Pourtant, l'industrie forestière, au Québec, vous le savez, représente plus de
60 000 emplois. S'il y a quelqu'un au Québec qui devrait savoir que
l'industrie forestière a besoin d'aide, c'est bien Denis Lebel. C'est dans le comté
de Denis Lebel, dans Roberval, qu'on a tenu notre sommet sur la forêt, où le
gouvernement du Québec a tenu plusieurs engagements pour l'industrie
forestière. Pourtant, Denis Lebel semble rejeter ça du revers de la main et
accepter que l'industrie forestière reçoive 11 fois moins d'argent que le
secteur de l'automobile. Et je lance un défi à
M. Lebel parce que le gouvernement du Québec vient de lancer sa
nouvelle politique pour l'électrification des
transports : est-ce qu'il est prêt à garantir que le Québec aura sa
part de ce fonds de 500 millions pour nous permettre de nous aider à
développer notre secteur d'électrification des transports du Québec? Je
m'attends à de l'équité aussi pour ce fonds de
500 millions.
Je termine en vous présentant non pas
notre tableau, mais bien le tableau du directeur du budget parlementaire, qui
illustre bien le déséquilibre fiscal qui va s'amplifier au fil des prochaines
années. Alors, essentiellement, ce que vous retrouvez dans le tableau du haut,
ce sont les dépenses fédérales, qui sont en décroissance. Comme vous pouvez
voir, là, c'est plus spectaculaire à compter de 2021. C'est relativement stable, puis ensuite on est vraiment en
décroissance. Parallèlement, bien, vous voyez la croissance de l'ensemble des
provinces. Alors, la problématique, elle est vraie pour le Québec, mais elle
est aussi vraie pour les autres provinces canadiennes.

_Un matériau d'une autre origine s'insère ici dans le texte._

lemma row_dominance_AE:
  assumes c: "0 < c" "c < 1"
  shows "AE x in lborel. 0 \<le> x \<and> x \<le> 1 - c \<longrightarrow> (AE y in lborel. 0 \<le> y \<and> y \<le> 1 \<longrightarrow> G x y \<le> G (x+c) y)"
  using row_excess_AE_eq_0[OF c]
proof eventually_elim
  case (elim x)
  show ?case
  proof
    assume "0 \<le> x \<and> x \<le> 1 - c"
    moreover have "integrable lborel (\<lambda>y. indicator {0..1} y * pos (G x y - G (x+c) y))"
      by (rule integrable_bounded_on_unit_interval) (auto simp: indicator_def)
    ultimately have "AE y in lborel. indicator {0..1} y * pos (G x y - G (x+c) y) = 0"
      using elim by (subst (asm) integral_nonneg_eq_0_iff_AE) auto
    then show "AE y in lborel. 0 \<le> y \<and> y \<le> 1 \<longrightarrow> G x y \<le> G (x+c) y"
      by eventually_elim (auto simp: indicator_def max_def split: if_splits)
  qed
qed

definition "shift_le c x y \<longleftrightarrow> (0 \<le> x \<and> x \<le> 1 - c \<and> 0 \<le> y \<and> y \<le> 1 \<longrightarrow> G x y \<le> G (x + c) y)"

lemma shift_le_measurable[measurable]:
  "{z \<in> space lborel2. shift_le c (fst z) (snd z)} \<in> sets lborel2"
  unfolding shift_le_def by measurable

lemma shift_le_AE:
  assumes c: "0 < c" "c < 1"
  shows "AE z in lborel2. shift_le c (fst z) (snd z)"
proof -
  from row_dominance_AE[OF c] have "AE x in lborel. AE y in lborel. shift_le c x y"
    by eventually_elim (auto simp: shift_le_def intro: AE_I2 elim!: AE_mp)
  then show ?thesis using lborel_pair.AE_pair_iff[OF shift_le_measurable] by simp
qed

text \<open>Fubini, with the shift \<open>c\<close> as an additional variable: almost every point \<open>(x, y)\<close> lies
  below almost every point to its right, and above almost every point to its left.\<close>

lemma shift_le_AE_all_shifts:
  "AE z in lborel2. AE c in lborel. 0 < c \<and> c < 1 \<longrightarrow>
     shift_le c (fst z) (snd z) \<and> shift_le c (fst z - c) (snd z)"
proof -
  interpret pair_sigma_finite "lborel :: real measure" lborel2
    by (intro pair_sigma_finite.intro sigma_finite_lborel) (simp add: lborel_prod sigma_finite_lborel)
  have each: "AE z in lborel2. 0 < c \<and> c < 1 \<longrightarrow> shift_le c (fst z) (snd z) \<and> shift_le c (fst z - c) (snd z)" for c
  proof (cases "0 < c \<and> c < 1")
    case True
    then have "AE z in lborel2. shift_le c (fst z) (snd z)" "AE z in lborel2. shift_le c (fst z + - c) (snd z)"
      using shift_le_AE AE_lborel2_translate_fst[OF shift_le_measurable shift_le_AE, where a = "- c"] by auto
    then show ?thesis by eventually_elim simp
  qed (rule AE_I2, blast)
  have "AE c in lborel. AE z in lborel2. 0 < c \<and> c < 1 \<longrightarrow>
      shift_le c (fst z) (snd z) \<and> shift_le c (fst z - c) (snd z)"
    by (rule AE_I2) (rule each)
  moreover have "{u \<in> space (lborel \<Otimes>\<^sub>M lborel2). 0 < fst u \<and> fst u < 1 \<longrightarrow>
      shift_le (fst u) (fst (snd u)) (snd (snd u)) \<and> shift_le (fst u) (fst (snd u) - fst u) (snd (snd u))}
      \<in> sets (lborel \<Otimes>\<^sub>M lborel2)"
    unfolding shift_le_def by measurable
  ultimately show ?thesis
    by (subst (asm) AE_commute) auto
qed

lemma AE_no_crossing:
  assumes x: "x \<in> {0..1}" and y: "y \<in> {0..1}"
    and ae: "AE c in lborel. 0 < c \<and> c < 1 \<longrightarrow> shift_le c x y \<and> shift_le c (x - c) y"
  shows "AE t in lborel. \<not> (x < t \<and> t \<le> 1 \<and> G t y < G x y)"
    and "AE t in lborel. \<not> (0 \<le> t \<and> t < x \<and> G x y < G t y)"
proof -
  have ne1: "AE c in lborel. (c::real) \<noteq> 1"
    using AE_not_in[OF finite_imp_null_set_lborel[of "{1::real}"]] by simp
  have "AE c in lborel. \<not> (x < x + c \<and> x + c \<le> 1 \<and> G (x + c) y < G x y)"
    using ae ne1 by eventually_elim (use x y in \<open>auto simp: shift_le_def\<close>)
  then show "AE t in lborel. \<not> (x < t \<and> t \<le> 1 \<and> G t y < G x y)"
    by (rule AE_lborel_translateI[rotated]) measurable
  have "AE c in lborel. \<not> (0 \<le> x + - c \<and> x + - c < x \<and> G x y < G (x + - c) y)"
    using ae ne1 by eventually_elim (use x y in \<open>auto simp: shift_le_def\<close>)
  then have "AE u in lborel. \<not> (0 \<le> x + u \<and> x + u < x \<and> G x y < G (x + u) y)"
    by (rule AE_lborel_reflectI[rotated]) measurable
  then show "AE t in lborel. \<not> (0 \<le> t \<and> t < x \<and> G x y < G t y)"
    by (rule AE_lborel_translateI[rotated]) measurable
qed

Vous l'avez d'ailleurs vu dans la sortie de Mme Wynne,
c'est essentiellement ce à quoi elle faisait référence : plus de
croissance des dépenses en matière de services sociaux, plus de croissance des
dépenses en santé.
Vous savez, c'est pas mal plus facile pour
un gouvernement de couper dans le militaire que de couper dans les soins de
santé. Il est hors de question pour nous de couper les services sociaux, de
couper les soins de santé, puis c'est pour ça qu'on va exiger de la part du gouvernement
d'Ottawa notre juste part et que nous lui demandons de cesser le plafonnement
qu'il fait aux transferts canadiens en santé. Parce que ce qui explique, essentiellement,
le tableau dont je viens de vous présenter... il s'explique essentiellement par
le plafonnement qu'on vient d'annoncer pour le transfert canadien en santé :
alors qu'on était aux alentours… pas aux alentours,
on avait un transfert qui croissait de 6 %, il sera dorénavant
entre 3 % et 4 %. Cet écart crée un manque
à gagner de plus de 9 milliards de
dollars pour le Québec : 9 milliards de dollars de moins pour les services sociaux, 9 milliards de
moins pour payer nos médecins, pour offrir des services de soins à la
population, et c'est ce qui explique en gros le déséquilibre fiscal qui va se
projeter et s'amplifier au fil des prochaines années.
Le statut de province du Québec nous
oblige à être en réaction au budget du gouvernement fédéral. Tant et aussi
longtemps que nous serons dans cette fédération, on sera en réaction des
mauvaises décisions d'Ottawa. La solution, pour notre gouvernement,
est bien évidente et c'est celle de la souveraineté du Québec pour
qu'enfin on décide pour la nation québécoise, pour le peuple québécois et qu'on
arrête de s'enfarger dans les décisions qui sont prises ailleurs au Canada et
qui ne sont pas prises dans l'intérêt du Québec.
M. Laforest (Alain)
: À
Ottawa, hier, vous avez laissé entendre que
vous étiez des dépendantistes.
M. Cloutier
: Tant et
aussi longtemps qu'on sera dans la fédération, on sera dépendants des mauvaises
décisions d'Ottawa, et la façon d'y mettre fin, c'est l'indépendance du Québec.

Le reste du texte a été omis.